WORK TASK: Find the string "lemmas" in the records. Copy every line it appears in.

Saved entries:

[Start of section]

lemma grext_of_homogeneous:
  assumes x: "x \<in> V a" and y: "y \<in> V b"
  shows "grext V f x y = f a b x y"
proof -
  have "grext V f x y = (\<Sum>a'\<in>{a}. \<Sum>b'\<in>{b}. f a' b' (grcomp V x a') (grcomp V y b'))"
    by (rule grext_eq_sum) (auto simp: grcomp_of_homogeneous[OF x] grcomp_of_homogeneous[OF y])
  then show ?thesis by (simp add: grcomp_of_homogeneous[OF x] grcomp_of_homogeneous[OF y])
qed

lemma grext_linear_left: "Vector_Spaces.linear s s (\<lambda>x. grext V f x y)"
proof -
  have "grext V f (x + x') y = grext V f x y + grext V f x' y" for x x'
  proof -
    let ?A = "grsupp V x \<union> grsupp V x' \<union> grsupp V (x + x')"
    have "grext V f u y = (\<Sum>a\<in>?A. \<Sum>b\<in>grsupp V y. f a b (grcomp V u a) (grcomp V y b))"
      if "u \<in> {x, x', x + x'}" for u
      using that finite_grsupp by (intro grext_eq_sum) auto
    then show ?thesis by (simp add: grcomp_add bilinear_map_simps[OF bilinear] sum.distrib)
  qed
  moreover have "grext V f (s c x) y = s c (grext V f x y)" for c x
  proof -
    let ?A = "grsupp V x \<union> grsupp V (s c x)"
    have "grext V f u y = (\<Sum>a\<in>?A. \<Sum>b\<in>grsupp V y. f a b (grcomp V u a) (grcomp V y b))"
      if "u \<in> {x, s c x}" for u
      using that finite_grsupp by (intro grext_eq_sum) auto
    then show ?thesis
      by (simp add: grcomp_scale bilinear_map_simps[OF bilinear] module.scale_sum_right[OF graded_module])
  qed
  ultimately show ?thesis
    unfolding linear_iff_module_hom module_hom_iff using graded_module by blast
qed

end

lemma grext_bilinear:
  assumes "\<And>a b. bilinear_map s s s (f a b)"
  shows "bilinear_map s s s (grext V f)"
  unfolding bilinear_map_def
proof (intro allI conjI)
  show "Vector_Spaces.linear s s (\<lambda>x. grext V f x y)" for y
    by (rule grext_linear_left) (rule assms)
  show "Vector_Spaces.linear s s (grext V f x)" for x
  proof -
    have "grext V f x = (\<lambda>y. grext V (\<lambda>b a v u. f a b u v) y x)"
      by (rule ext) (rule grext_swap)
    then show ?thesis
      using grext_linear_left[of "\<lambda>b a v u. f a b u v" x] bilinear_map_swap[OF assms] by simp
  qed
qed

end

section \<open>The F-manifold color algebra of a pre-F-manifold color algebra\<close>

locale pre_F_manifold_color_algebra =
  fixes s :: "'k::field \<Rightarrow> 'v::ab_group_add \<Rightarrow> 'v" (infixr \<open>*s\<close> 75)
    and V :: "'g::ab_group_add \<Rightarrow> 'v set"
    and eps :: "'g \<Rightarrow> 'g \<Rightarrow> 'k"
    and d :: "'v \<Rightarrow> 'v \<Rightarrow> 'v" (infixl \<open>\<diamond>\<close> 70)
    and m :: "'v \<Rightarrow> 'v \<Rightarrow> 'v" (infixl \<open>\<star>\<close> 70)
  assumes skew_bicharacter: "skew_bicharacter eps"
    and pre_F_manifold_color: "pre_F_manifold_color s V eps (\<diamond>) (\<star>)"
begin

abbreviation dot :: "'v \<Rightarrow> 'v \<Rightarrow> 'v" (infixl \<open>\<cdot>\<close> 70)
  where "dot \<equiv> ind_dot s V eps (\<diamond>)"

abbreviation bracket :: "'v \<Rightarrow> 'v \<Rightarrow> 'v" (\<open>\<lbrakk>_,/ _\<rbrakk>\<close>)
  where "bracket \<equiv> ind_bracket s V eps (\<star>)"

lemma zinbiel_color: "zinbiel_color s V eps (\<diamond>)"
  using pre_F_manifold_color by (simp add: pre_F_manifold_color_def)

lemma prelie_color: "prelie_color s V eps (\<star>)"
  using pre_F_manifold_color by (simp add: pre_F_manifold_color_def)

lemma graded: "graded_space s V"
  using zinbiel_color by (simp add: zinbiel_color_def)

sublocale vector_space s
  using graded by (simp add: graded_space_def)

lemma diamond_bilinear: "bilinear_map s s s (\<diamond>)"
  using zinbiel_color by (simp add: zinbiel_color_def)

lemma star_bilinear: "bilinear_map s s s (\<star>)"
  using prelie_color by (simp add: prelie_color_def)

lemmas diamond_simps [simp] = bilinear_map_simps[OF diamond_bilinear]
lemmas star_simps [simp] = bilinear_map_simps[OF star_bilinear]

lemma diamond_degree: "x \<in> V a \<Longrightarrow> y \<in> V b \<Longrightarrow> x \<diamond> y \<in> V (a + b)"
  using zinbiel_color by (simp add: zinbiel_color_def graded_op_def)

lemma star_degree: "x \<in> V a \<Longrightarrow> y \<in> V b \<Longrightarrow> x \<star> y \<in> V (a + b)"
  using prelie_color by (simp add: prelie_color_def graded_op_def)

lemma eps_add: "eps a (b + c) = eps a b * eps a c" "eps (a + b) c = eps a c * eps b c"
  using skew_bicharacter by (simp_all add: skew_bicharacter_def)

lemma eps_skew: "eps a b * eps b a = 1"
  using skew_bicharacter by (simp add: skew_bicharacter_def)

text \<open>The cancellation law \<open>eps a b * eps b a = 1\<close> in the shapes it takes after
  AC-normalisation of products, so that the simplifier can apply it.\<close>
lemma eps_skew_cancel:
  "eps a b * (eps b a * z) = z"
  "eps a b * (w * eps b a) = w"
  "eps a b * (w * (eps b a * z)) = w * z"
  "eps a b * (w1 * (w2 * eps b a)) = w1 * w2"
  "eps a b * (w1 * (w2 * (eps b a * z))) = w1 * (w2 * z)"
  "eps a b * (w1 * (w2 * (w3 * eps b a))) = w1 * (w2 * w3)"
  "eps a b * (w1 * (w2 * (w3 * (eps b a * z)))) = w1 * (w2 * (w3 * z))"
  using eps_skew[of a b] by (simp_all add: mult_ac)

lemmas graded_induct = graded_induct[OF graded, case_names zero add homogeneous]

lemma symmetrisation_bilinear:
  "bilinear_map s s s (\<lambda>x y. x \<diamond> y + c *s (y \<diamond> x))"
  "bilinear_map s s s (\<lambda>x y. x \<star> y - c *s (y \<star> x))"
  unfolding bilinear_map_def linear_iff_module_hom module_hom_iff
  by (simp_all add: module_axioms scale_left_commute algebra_simps)

lemma dot_bilinear: "bilinear_map s s s (\<cdot>)"
  unfolding ind_dot_def by (rule grext_bilinear[OF graded] symmetrisation_bilinear)+

lemma bracket_bilinear: "bilinear_map s s s bracket"
  unfolding ind_bracket_def by (rule grext_bilinear[OF graded] symmetrisation_bilinear)+

lemmas dot_simps [simp] = bilinear_map_simps[OF dot_bilinear]
lemmas bracket_simps [simp] = bilinear_map_simps[OF bracket_bilinear]

lemma dot_homogeneous: "x \<in> V a \<Longrightarrow> y \<in> V b \<Longrightarrow> x \<cdot> y = x \<diamond> y + eps a b *s (y \<diamond> x)"
  unfolding ind_dot_def by (rule grext_of_homogeneous[OF graded] symmetrisation_bilinear)+

lemma bracket_homogeneous: "x \<in> V a \<Longrightarrow> y \<in> V b \<Longrightarrow> \<lbrakk>x, y\<rbrakk> = x \<star> y - eps a b *s (y \<star> x)"
  unfolding ind_bracket_def by (rule grext_of_homogeneous[OF graded] symmetrisation_bilinear)+

lemma dot_degree: "x \<in> V a \<Longrightarrow> y \<in> V b \<Longrightarrow> x \<cdot> y \<in> V (a + b)"
  using diamond_degree[of x a y b] diamond_degree[of y b x a]
  by (simp add: dot_homogeneous homogeneous_add[OF graded] homogeneous_scale[OF graded] add.commute)

lemma bracket_degree: "x \<in> V a \<Longrightarrow> y \<in> V b \<Longrightarrow> \<lbrakk>x, y\<rbrakk> \<in> V (a + b)"
  using star_degree[of x a y b] star_degree[of y b x a]
  by (simp add: bracket_homogeneous homogeneous_diff[OF graded] homogeneous_scale[OF graded] add.commute)

lemma zinbiel:
  "x \<in> V a \<Longrightarrow> y \<in> V b \<Longrightarrow> z \<in> V c \<Longrightarrow> x \<diamond> (y \<diamond> z) = (x \<diamond> y) \<diamond> z + eps a b *s ((y \<diamond> x) \<diamond> z)"
  using zinbiel_color unfolding zinbiel_color_def by blast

[End of section]

TASK OUTPUT:
lemmas diamond_simps [simp] = bilinear_map_simps[OF diamond_bilinear]
lemmas star_simps [simp] = bilinear_map_simps[OF star_bilinear]
lemmas graded_induct = graded_induct[OF graded, case_names zero add homogeneous]
lemmas dot_simps [simp] = bilinear_map_simps[OF dot_bilinear]
lemmas bracket_simps [simp] = bilinear_map_simps[OF bracket_bilinear]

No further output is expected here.